Heilbronn/Damme. (dpa) Der Discounter Lidl hat als Reaktion auf die jüngsten Protest- und Blockadeaktionen von Landwirten die Preise für Schweineprodukte erhöht. Lidl habe den Einkaufspreis für zehn Artikel aus dem Schweinefleischsortiment um 1 Euro pro Kilogramm angehoben, als Folge steige der Verkaufspreis im gleichen Umfang, teilte Lidl am Donnerstag in Heilbronn mit. Zuerst hatte die OM-Mediengruppe (Vechta/Cloppenburg) über die Preiserhöhung berichtet.
Lidl hatte vergangene Woche schon angekündigt, 50 Millionen Euro zusätzlich an die Landwirte über die Initiative Tierwohl auszuzahlen. Jetzt folge eine weitere Soforthilfemaßnahme für die unter Druck stehenden Schweinebauern, hieß es. Am Freitag will Lidl-Konkurrent Aldi Gespräche unter anderem mit der Bauern-Protestbewegung "Land schafft Verbindung" führen.
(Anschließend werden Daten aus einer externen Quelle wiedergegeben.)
lemma lorenz_homoclinic_solution:
  assumes c: "1/2 \<le> c"
  shows "\<exists>x. solves_recurrence (lorenz_h c) x \<and> (\<forall>n. x n \<in> homoclinic_window c n)"
proof -
  interpret expanding_recurrence "lorenz_h c" "homoclinic_window c" "5/2" 9
  proof
    show "homoclinic_window c n \<noteq> {}" for n
    proof -
      have "(if n = 0 then 5/2 else 0) \<in> homoclinic_window c n"
        using lorenz_bound_between[of c] by (simp add: homoclinic_window_def lorenz_interval_def)
      then show ?thesis
        by blast
    qed
    show "closed (homoclinic_window c n)" for n
      unfolding homoclinic_window_def
      by (intro closed_Int closed_lorenz_interval closed_atLeastAtMost)
    show "\<bar>y\<bar> \<le> 9" if "y \<in> homoclinic_window c n" for n y
      using that lorenz_interval_abs_le by (auto simp: homoclinic_window_def)
    show "5/2 * \<bar>u - v\<bar> \<le> \<bar>lorenz_h c u - lorenz_h c v\<bar>"
      if "u \<in> homoclinic_window c n" and "v \<in> homoclinic_window c n" for n u v
      using that by (intro lorenz_h_expanding[OF c]) (auto simp: homoclinic_window_def)
  qed (simp_all add: lorenz_covering_homoclinic_window[OF c])
  show ?thesis
    using unique_solution by blast
qed

lemma lorenz_homoclinic_point:
  assumes "1/2 \<le> c"
  shows "\<exists>p. homoclinic_point (recurrence_map (lorenz_h c)) p"
proof -
  obtain x where sol: "solves_recurrence (lorenz_h c) x"
    and window: "\<And>n. x n \<in> homoclinic_window c n"
    using lorenz_homoclinic_solution[OF assms] by blast
  have decay: "norm (x n) \<le> 9 * (1/2) ^ nat \<bar>n\<bar>" for n
    using window[of n] by (simp add: homoclinic_window_def abs_le_iff)
  have geometric: "(\<lambda>k. 9 * (1/2::real) ^ k) \<longlonglongrightarrow> 0"
    by (intro tendsto_mult_right_zero LIMSEQ_power_zero) simp
  have "(\<lambda>k. x (int k)) \<longlonglongrightarrow> 0" and "(\<lambda>k. x (- int k)) \<longlonglongrightarrow> 0"
    using decay[of "int k" for k] decay[of "- int k" for k]
    by (auto intro!: Lim_null_comparison[OF always_eventually geometric])
  then have "(x 0, x (-1)) \<in> stable_set (recurrence_map (lorenz_h c)) (0, 0)"
    and "(x 0, x (-1)) \<in> unstable_set (recurrence_map (lorenz_h c)) (0, 0)"
    using sol by (auto intro: recurrence_map_stable_set recurrence_map_unstable_set)
  moreover have "(x 0, x (-1)) \<noteq> (0, 0)"
    using window[of 0] by (auto simp: homoclinic_window_def lorenz_interval_def)
  ultimately show ?thesis
    using hyperbolic_fixed_point_lorenz_origin[OF assms] unfolding homoclinic_point_def by blast
qed

lemma sparse_code_dvd:
  assumes "3 \<le> N"
  shows "sparse_code (\<lambda>n. int N dvd n)"
  unfolding sparse_code_def
proof (intro allI impI conjI notI)
  fix n assume n: "int N dvd n"
  show False if "int N dvd n + 1"
    using zdvd_imp_le[of "int N" 1] dvd_add_right_iff[OF n, of 1] that assms by simp
  show False if "int N dvd n + 2"
    using zdvd_imp_le[of "int N" 2] dvd_add_right_iff[OF n, of 2] that assms by simp
qed

lemma lorenz_periodic_solution:
  assumes c: "1/2 \<le> c" and N: "3 \<le> N"
  shows "\<exists>x. solves_recurrence (lorenz_h c) x \<and> (\<forall>n. x n \<in> lorenz_interval c (int N dvd n))
           \<and> (\<forall>n. x (n + int N) = x n)"
proof -
  obtain x where x: "\<forall>n. x n \<in> lorenz_interval c (int N dvd n)" "solves_recurrence (lorenz_h c) x"
    and unique: "\<And>x'. (\<forall>n. x' n \<in> lorenz_interval c (int N dvd n)) \<and>
                     solves_recurrence (lorenz_h c) x' \<Longrightarrow> x' = x"
    using lorenz_coded_solution[OF c sparse_code_dvd[OF N]] by blast
  have "(\<lambda>n. x (n + int N)) = x"
  proof (rule unique)
    have "lorenz_h c (x (n + int N)) = x (n - 1 + int N) + x (n + 1 + int N)" for n
      using x(2) unfolding solves_recurrence_def by (simp add: algebra_simps)
    moreover have "x (n + int N) \<in> lorenz_interval c (int N dvd n)" for n
      using x(1)[rule_format, of "n + int N"] by (simp add: dvd_add_triv_right_iff)
    ultimately show "(\<forall>n. x (n + int N) \<in> lorenz_interval c (int N dvd n)) \<and>
        solves_recurrence (lorenz_h c) (\<lambda>n. x (n + int N))"
      unfolding solves_recurrence_def by simp
  qed
  with x show ?thesis
    by (metis (no_types))
qed
text \<open>If both arrival rates are at least the playout rate, the buffer content is a continuous
  function whose derivative is nonnegative off a countable set, hence nondecreasing, so it never
  drops below its initial level. The statements about the roots of \<open>\<Delta>(\<cdot>, \<omega>)\<close> only
  use that the constant coefficient \<open>\<omega>(\<omega> + \<alpha> + \<beta>)\<close> is positive: the discriminant is
  \<open>b\<^sup>2 - 4\<omega>(\<omega> + \<alpha> + \<beta>)(\<lambda>\<^sub>1 - \<mu>)(\<lambda>\<^sub>2 - \<mu>)\<close>, so it exceeds \<open>b\<^sup>2\<close> exactly when the leading
  coefficient is negative, which gives roots of opposite signs; when the leading coefficient is
  positive, \<open>b < 0\<close> and the square root of the discriminant is too small to change the sign of
  \<open>b\<close>. For \<open>\<lambda>\<^sub>1 = \<mu>\<close> the determinant is linear in \<open>s\<close>.\<close>

lemma DERIV_pos_imp_increasing_countable:
  fixes g :: "real \<Rightarrow> real"
  assumes ab: "a \<le> b" and cont: "continuous_on {a..b} g" and C: "countable C"
    and der: "\<And>t. t \<in> {a<..<b} - C \<Longrightarrow> \<exists>l>0. (g has_real_derivative l) (at t)"
  shows "g a \<le> g b"
proof (rule ccontr)
  assume "\<not> g a \<le> g b"
  then have "uncountable {g b<..<g a}" by (simp add: uncountable_open_interval)
  moreover have "countable (g ` C)" using C by simp
  ultimately obtain y where y: "y \<in> {g b<..<g a}" "y \<notin> g ` C"
    by (metis countable_subset subsetI)
  \<comment> \<open>The last time \<open>t\<^sub>0\<close> at which \<open>g \<ge> y\<close> has \<open>g t\<^sub>0 = y\<close>, so \<open>t\<^sub>0 \<notin> C\<close>; a positive
    derivative there pushes \<open>g\<close> above \<open>y\<close> slightly later.\<close>
  define T where "T = {t \<in> {a..b}. y \<le> g t}"
  have "closed T" unfolding T_def
    by (rule continuous_on_closed_Collect_le) (auto intro: cont continuous_intros)
  moreover have "a \<in> T" using y ab unfolding T_def by auto
  moreover have bdd: "bdd_above T" unfolding T_def by (auto intro!: bdd_aboveI[of _ b])
  ultimately have t0T: "Sup T \<in> T" using closed_contains_Sup by blast
  define t0 where "t0 = Sup T"
  have ub: "t \<le> t0" if "t \<in> T" for t unfolding t0_def using bdd that by (simp add: cSup_upper)
  have t0ab: "a \<le> t0" "t0 \<le> b" and "y \<le> g t0" using t0T unfolding T_def t0_def by auto
  moreover have "continuous_on {t0..b} g" using cont t0ab by (auto elim: continuous_on_subset)
  ultimately obtain t1 where t1: "t0 \<le> t1" "t1 \<le> b" "g t1 = y"
    using IVT2'[of g b y t0] y by auto
  then have "t1 \<in> T" using t0ab unfolding T_def by auto
  with t1 have gt0: "g t0 = y" using ub by force
  then have "t0 \<in> {a<..<b} - C" using y t0ab by force
  then obtain l where "l > 0" "(g has_real_derivative l) (at t0)" using der by blast
  then obtain d where d: "d > 0" "\<And>h. h > 0 \<Longrightarrow> h < d \<Longrightarrow> g t0 < g (t0 + h)"
    using DERIV_pos_inc_right by blast
  define h where "h = min d (b - t0) / 2"
  have h: "h > 0" "h < d" "t0 + h \<le> b"
    using d \<open>t0 \<in> {a<..<b} - C\<close> unfolding h_def by (auto simp: min_def field_simps)
  then have "t0 + h \<in> T" using d(2)[OF h(1,2)] gt0 t0ab unfolding T_def by auto
  then show False using ub h by fastforce
qed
Die sich in Existenznot sehenden Bauern klagen über zu geringe Erzeugerpreise und ein aus ihrer Sicht unfaires Gebaren der Einzelhandelsketten. In den vergangenen zwei Wochen blockierten sie mit ihren Traktoren in vielen Städten Zentrallager.
Der Geschäftsführer der Interessengemeinschaft der Schweinehalter Deutschlands (ISN) im niedersächsischen Damme, Torsten Staack, begrüßte die Reaktion Lidls. Er gehe davon aus, dass auch die anderen Händler nachziehen werden. Den stark gefallenen Erzeugerpreisen stünden gestiegene Verbraucherpreise gegenüber. "Von den höheren Verbraucherpreisen ist bei den Bauern bislang nichts angekommen." Die Diskussion müsse zu einer auch für Bauern nachhaltigen Preispolitik führen.
Update: Donnerstag, 10. Dezember 2020, 15.34 Uhr
Lidl-Betreiber will Ombudsstelle im Streit mit Bauern
Neckarsulm. (dpa) Der Betreiber der Handelsketten Lidl und Kaufland, die Schwarz-Gruppe, hat die Einrichtung einer Ombudsstelle zur Beilegung von Konflikten zwischen Einzelhandel und Landwirtschaft vorgeschlagen. "Mit einem klaren Kodex und einer Ombudsstelle können wir Streitthemen an zentraler Stelle bündeln und viel schneller über Lösungen sprechen", sagte der Chef der Schwarz-Gruppe in Neckarsulm, Klaus Gehrig, am Dienstag.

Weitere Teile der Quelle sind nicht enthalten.